Preferably, the density of the elastomer is at least 0.865 g/cm ³ and/or at most 0.910 g/cm ³ . For example, the density of the elastomer is at least 0.850, for example at least 0.865, for example at least 0.88, for example at least 0.90 and/or for example at most 0.915, for example at most 0.910, for example at most 0.907, for example at most 0.906 g/cm ³ . More preferable the density of the elastomer is in the range from 0.88 up to an including 0.907 g/cm ³ , most preferably, the density of the elastomer is in the range from 0.90 up to and including 0.906 g/cm ³ .

Elastomers which are suitable for use in the current invention are commercially available for example under the trademark EXACT™ available from Exxon Chemical Company of Houston, Texas or under the trademark ENGAGE™ polymers, a line of metallocene catalyzed plastomers available from Dow Chemical Company of Midland, Michigan or under the trademark TAFMER™ available from MITSUI Chemicals Group of Minato Tokyo or under the trademark Nexlene™ from SK Chemicals.
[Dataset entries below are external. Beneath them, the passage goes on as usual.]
lemma increment_bound_nonneg: "0 \<le> c"
  using increment_bounded[of 0 undefined] by linarith

lemma partial_sum_bounded: "\<bar>\<Sum>k<n. D k \<omega>\<bar> \<le> n * c"
  using order_trans[OF sum_abs sum_bounded_above[of "{..<n}" "\<lambda>k. \<bar>D k \<omega>\<bar>" c]]
  by (simp add: increment_bounded)

lemma integrable_partial_sum_power: "integrable M (\<lambda>\<omega>. (\<Sum>k<n. D k \<omega>) ^ j)"
  by (intro integrable_const_bound[where B="(n * c) ^ j"])
    (simp_all add: power_abs power_mono partial_sum_bounded)

lemma integrable_partial_sum_power_mult_increment:
  "integrable M (\<lambda>\<omega>. (\<Sum>k<n. D k \<omega>) ^ j * D n \<omega>)"
  by (intro integrable_const_bound[where B="(n * c) ^ j * c"])
    (simp_all add: abs_mult power_abs mult_mono power_mono partial_sum_bounded
      increment_bounded increment_bound_nonneg)

lemma second_moment_partial_sum: "(\<integral>\<omega>. (\<Sum>k<n. D k \<omega>)\<^sup>2 \<partial>M) \<le> n * c\<^sup>2"
proof (induction n)
  case 0
  then show ?case by simp
next
  case (Suc n)
  let ?S = "\<lambda>\<omega>. \<Sum>k<n. D k \<omega>"
  have increment_square: "(D n \<omega>)\<^sup>2 \<le> c\<^sup>2" for \<omega>
    using power_mono[OF increment_bounded abs_ge_zero, of n \<omega> 2] by simp
  have integrable_increment_square: "integrable M (\<lambda>\<omega>. (D n \<omega>)\<^sup>2)"
    by (intro integrable_const_bound[where B="c\<^sup>2"]) (simp_all add: increment_square)
  have "(\<integral>\<omega>. (D n \<omega>)\<^sup>2 \<partial>M) \<le> (\<integral>\<omega>. c\<^sup>2 \<partial>M)"
    by (intro integral_mono integrable_increment_square increment_square) simp
  then have second_moment_increment: "(\<integral>\<omega>. (D n \<omega>)\<^sup>2 \<partial>M) \<le> c\<^sup>2"
    by (simp add: prob_space)
  have "(\<integral>\<omega>. (\<Sum>k<Suc n. D k \<omega>)\<^sup>2 \<partial>M)
      = (\<integral>\<omega>. (?S \<omega>)\<^sup>2 + 2 * (?S \<omega> * D n \<omega>) + (D n \<omega>)\<^sup>2 \<partial>M)"
    by (simp add: power2_sum algebra_simps)
  also have "\<dots> = (\<integral>\<omega>. (?S \<omega>)\<^sup>2 \<partial>M) + 2 * (\<integral>\<omega>. ?S \<omega> * D n \<omega> \<partial>M)
      + (\<integral>\<omega>. (D n \<omega>)\<^sup>2 \<partial>M)"
    using integrable_partial_sum_power[of n 2] integrable_partial_sum_power_mult_increment[of n 1]
      integrable_increment_square
    by simp
  also have "\<dots> \<le> n * c\<^sup>2 + 0 + c\<^sup>2"
    using Suc.IH increment_orthogonal[of n 1] second_moment_increment by (intro add_mono) simp_all
  finally show ?case
    by (simp add: algebra_simps)
qed

lemma fourth_moment_partial_sum: "(\<integral>\<omega>. (\<Sum>k<n. D k \<omega>) ^ 4 \<partial>M) \<le> 11 * c ^ 4 * n\<^sup>2"
proof (induction n)
  case 0
  then show ?case by simp
next
  case (Suc n)
  let ?S = "\<lambda>\<omega>. \<Sum>k<n. D k \<omega>"
  let ?bound = "\<lambda>\<omega>. ?S \<omega> ^ 4 + 4 * (?S \<omega> ^ 3 * D n \<omega>) + 6 * c\<^sup>2 * (?S \<omega>)\<^sup>2
    + 4 * n * c ^ 4 + c ^ 4"
  have integrable_bound: "integrable M ?bound"
    using integrable_partial_sum_power integrable_partial_sum_power_mult_increment by simp
  have "(\<integral>\<omega>. (\<Sum>k<Suc n. D k \<omega>) ^ 4 \<partial>M) \<le> (\<integral>\<omega>. ?bound \<omega> \<partial>M)"
    by (intro integral_mono integrable_partial_sum_power integrable_bound)
      (simp_all add: fourth_power_add_le increment_bounded partial_sum_bounded increment_bound_nonneg)
  also have "\<dots> = (\<integral>\<omega>. ?S \<omega> ^ 4 \<partial>M) + 4 * (\<integral>\<omega>. ?S \<omega> ^ 3 * D n \<omega> \<partial>M)
      + 6 * c\<^sup>2 * (\<integral>\<omega>. (?S \<omega>)\<^sup>2 \<partial>M) + 4 * n * c ^ 4 + c ^ 4"
    using integrable_partial_sum_power integrable_partial_sum_power_mult_increment
    by (simp add: prob_space)
  also have "\<dots> \<le> 11 * c ^ 4 * n\<^sup>2 + 0 + 6 * c\<^sup>2 * (n * c\<^sup>2) + 4 * n * c ^ 4 + c ^ 4"
    using Suc.IH increment_orthogonal second_moment_partial_sum
    by (intro add_mono mult_left_mono) simp_all
  also have "\<dots> \<le> 11 * c ^ 4 * (Suc n)\<^sup>2"
    using increment_bound_nonneg by (simp add: power2_eq_square power_numeral_reduce algebra_simps)
  finally show ?case .
qed

lemma fourth_moment_average:
  "(\<integral>\<omega>. ((\<Sum>k<n. D k \<omega>) / n) ^ 4 \<partial>M) \<le> 11 * c ^ 4 / (real n)\<^sup>2"
proof (cases "n = 0")
  case False
  have "(\<integral>\<omega>. ((\<Sum>k<n. D k \<omega>) / n) ^ 4 \<partial>M) = (\<integral>\<omega>. (\<Sum>k<n. D k \<omega>) ^ 4 \<partial>M) / real n ^ 4"
    by (simp add: power_divide)
  also have "\<dots> \<le> 11 * c ^ 4 * (real n)\<^sup>2 / real n ^ 4"
    using fourth_moment_partial_sum by (intro divide_right_mono) simp_all
  also have "\<dots> = 11 * c ^ 4 / (real n)\<^sup>2"
    using False by (simp add: field_simps power_numeral_reduce)
  finally show ?thesis .
qed simp

lemma AE_summable_average_fourth_power:
  "AE \<omega> in M. summable (\<lambda>n. ((\<Sum>k<n. D k \<omega>) / n) ^ 4)"
proof -
  let ?T = "\<lambda>n \<omega>. ((\<Sum>k<n. D k \<omega>) / n) ^ 4"
  have integrable_T: "integrable M (?T n)" for n
    using integrable_partial_sum_power[of n 4] by (simp add: power_divide)
  have "(\<integral>\<^sup>+\<omega>. (\<Sum>n. ennreal (?T n \<omega>)) \<partial>M) = (\<Sum>n. \<integral>\<^sup>+\<omega>. ennreal (?T n \<omega>) \<partial>M)"
    by (rule nn_integral_suminf) measurable
  also have "\<dots> = (\<Sum>n. ennreal (\<integral>\<omega>. ?T n \<omega> \<partial>M))"
    by (intro suminf_cong nn_integral_eq_integral integrable_T) simp
  also have "\<dots> \<le> (\<Sum>n. ennreal (11 * c ^ 4 / (real n)\<^sup>2))"
    by (intro suminf_le summableI ennreal_leI fourth_moment_average)
  also have "\<dots> = ennreal (\<Sum>n. 11 * c ^ 4 / (real n)\<^sup>2)"
    using inverse_power_summable[of 2, where 'a=real]
    by (intro suminf_ennreal2) (simp_all add: divide_inverse summable_mult)
  finally have "(\<integral>\<^sup>+\<omega>. (\<Sum>n. ennreal (?T n \<omega>)) \<partial>M) \<noteq> \<infinity>"
    by (auto simp: top_unique)
  then have "AE \<omega> in M. (\<Sum>n. ennreal (?T n \<omega>)) \<noteq> \<infinity>"
    by (intro nn_integral_PInf_AE) measurable
  then show ?thesis
    by eventually_elim (simp add: summable_suminf_not_top)
qed

theorem AE_average_tendsto_zero: "AE \<omega> in M. (\<lambda>n. (\<Sum>k<n. D k \<omega>) / n) \<longlonglongrightarrow> 0"
  using AE_summable_average_fourth_power
proof eventually_elim
  case (elim \<omega>)
  then have "(\<lambda>n. ((\<Sum>k<n. D k \<omega>) / n) ^ 4) \<longlonglongrightarrow> 0"
    by (rule summable_LIMSEQ_zero)
  then show ?case
    by simp
qed

end

section \<open>Markov chains on a countable state space\<close>

lemma integral_indicator_countable_valued:
  fixes X :: "'a \<Rightarrow> 'b::countable" and F :: "'b \<Rightarrow> real"
  assumes "finite_measure M" and X: "X \<in> measurable M (count_space UNIV)" and B: "B \<in> sets M"
  shows "(\<integral>\<omega>. F (X \<omega>) * indicator B \<omega> \<partial>M)
       = (\<integral>l. measure M (X -` {l} \<inter> space M \<inter> B) * F l \<partial>count_space UNIV)"
proof -
  interpret finite_measure M by fact
  let ?MB = "density M (indicator B :: 'a \<Rightarrow> real)"
  let ?\<mu> = "\<lambda>l. measure M (X -` {l} \<inter> space M \<inter> B)"
  have X_MB: "X \<in> measurable ?MB (count_space UNIV)"
    using X by simp
  have distr_eq: "Measure_Space.distr ?MB (count_space UNIV) X = density (count_space UNIV) ?\<mu>"
  proof (rule measure_eqI_countable[where A=UNIV])
    fix l :: 'b
    have fibre: "X -` {l} \<inter> space M \<in> sets M"
      using X by (auto simp: measurable_count_space_eq2_countable)
    have "emeasure (Measure_Space.distr ?MB (count_space UNIV) X) {l}
        = (\<integral>\<^sup>+\<omega>. ennreal (indicator B \<omega>) * indicator (X -` {l} \<inter> space M) \<omega> \<partial>M)"
      using X_MB fibre B by (simp add: emeasure_distr emeasure_density)
    also have "\<dots> = (\<integral>\<^sup>+\<omega>. indicator (X -` {l} \<inter> space M \<inter> B) \<omega> \<partial>M)"
      by (intro nn_integral_cong) (auto split: split_indicator)
    also have "\<dots> = emeasure M (X -` {l} \<inter> space M \<inter> B)"
      using fibre B by (intro nn_integral_indicator) auto
    also have "\<dots> = emeasure (density (count_space UNIV) ?\<mu>) {l}"
      by (simp add: emeasure_eq_measure emeasure_density nn_integral_count_space_indicator)
    finally show "emeasure (Measure_Space.distr ?MB (count_space UNIV) X) {l}
        = emeasure (density (count_space UNIV) ?\<mu>) {l}" .
  qed auto
  have "(\<integral>\<omega>. F (X \<omega>) * indicator B \<omega> \<partial>M) = integral\<^sup>L ?MB (\<lambda>\<omega>. F (X \<omega>))"
    using B X by (subst integral_density) (auto simp: mult.commute)
  also have "\<dots> = integral\<^sup>L (Measure_Space.distr ?MB (count_space UNIV) X) F"
    using X_MB by (subst integral_distr) auto
  also have "\<dots> = (\<integral>l. ?\<mu> l * F l \<partial>count_space UNIV)"
    by (simp add: distr_eq integral_density)
  finally show ?thesis .
qed

definition history :: "(nat \<Rightarrow> 'a \<Rightarrow> 's) \<Rightarrow> nat \<Rightarrow> 'a \<Rightarrow> 's list" where
  "history z n \<omega> = map (\<lambda>i. z i \<omega>) [0..<Suc n]"

lemma length_history [simp]: "length (history z n \<omega>) = Suc n"
  by (simp add: history_def)

lemma history_nth [simp]: "i \<le> n \<Longrightarrow> history z n \<omega> ! i = z i \<omega>"
  unfolding history_def by (simp del: upt_Suc add: nth_map_upt)

lemma last_history [simp]: "last (history z n \<omega>) = z n \<omega>"
  by (simp add: history_def)

lemma history_eq_iff:
  "length l = Suc n \<Longrightarrow> history z n \<omega> = l \<longleftrightarrow> (\<forall>i\<le>n. z i \<omega> = l ! i)"
  by (auto simp: list_eq_iff_nth_eq)

lemma measurable_history [measurable]:
  fixes z :: "nat \<Rightarrow> 'a \<Rightarrow> 's::countable"
  assumes [measurable]: "\<And>n. z n \<in> measurable M (count_space UNIV)"
  shows "history z n \<in> measurable M (count_space UNIV)"
proof (induction n)
  case 0
  then show ?case by (simp add: history_def)
next
  case (Suc n)
  have "history z (Suc n) = (\<lambda>\<omega>. history z n \<omega> @ [z (Suc n) \<omega>])"
    by (simp add: history_def fun_eq_iff)
  with Suc show ?case
    by simp
qed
The elastomers may be prepared using methods known in the art, for example by using a single site catalyst, i.e., a catalyst the transition metal components of which is an organometallic compound and at least one ligand of which has a cyclopentadienyl anion structure through which such ligand bondingly coordinates to the transition metal cation. This type of catalyst is also known as "metallocene" catalyst. Metallocene catalysts are for example described in U.S. Patent Nos. 5,017,714 and 5,324,820. The elastomer s may also be prepared using traditional types of heterogeneous multi-sited Ziegler-Natta catalysts. Preferably, the elastomer has a melt flow index of 0.1 to 40 dg/min (ISO1133, 2.16kg, 190°C), for example at least 1 dg/min and/or at most 35 dg/min. More preferably, the elastomer has a melt flow index of at least 1.5 dg/min, for example of at least 2 dg/min, for example of at least 2.5 dg/min, for example of at least 3 dg/min, more preferably at least 5 dg/min and/or preferably at most 30 dg/min, more preferably at most 20 dg/min, more preferably at most 10 dg/min measured in accordance with ISO 1133 using a 2.16 kg weight and at a temperature of 190 °C.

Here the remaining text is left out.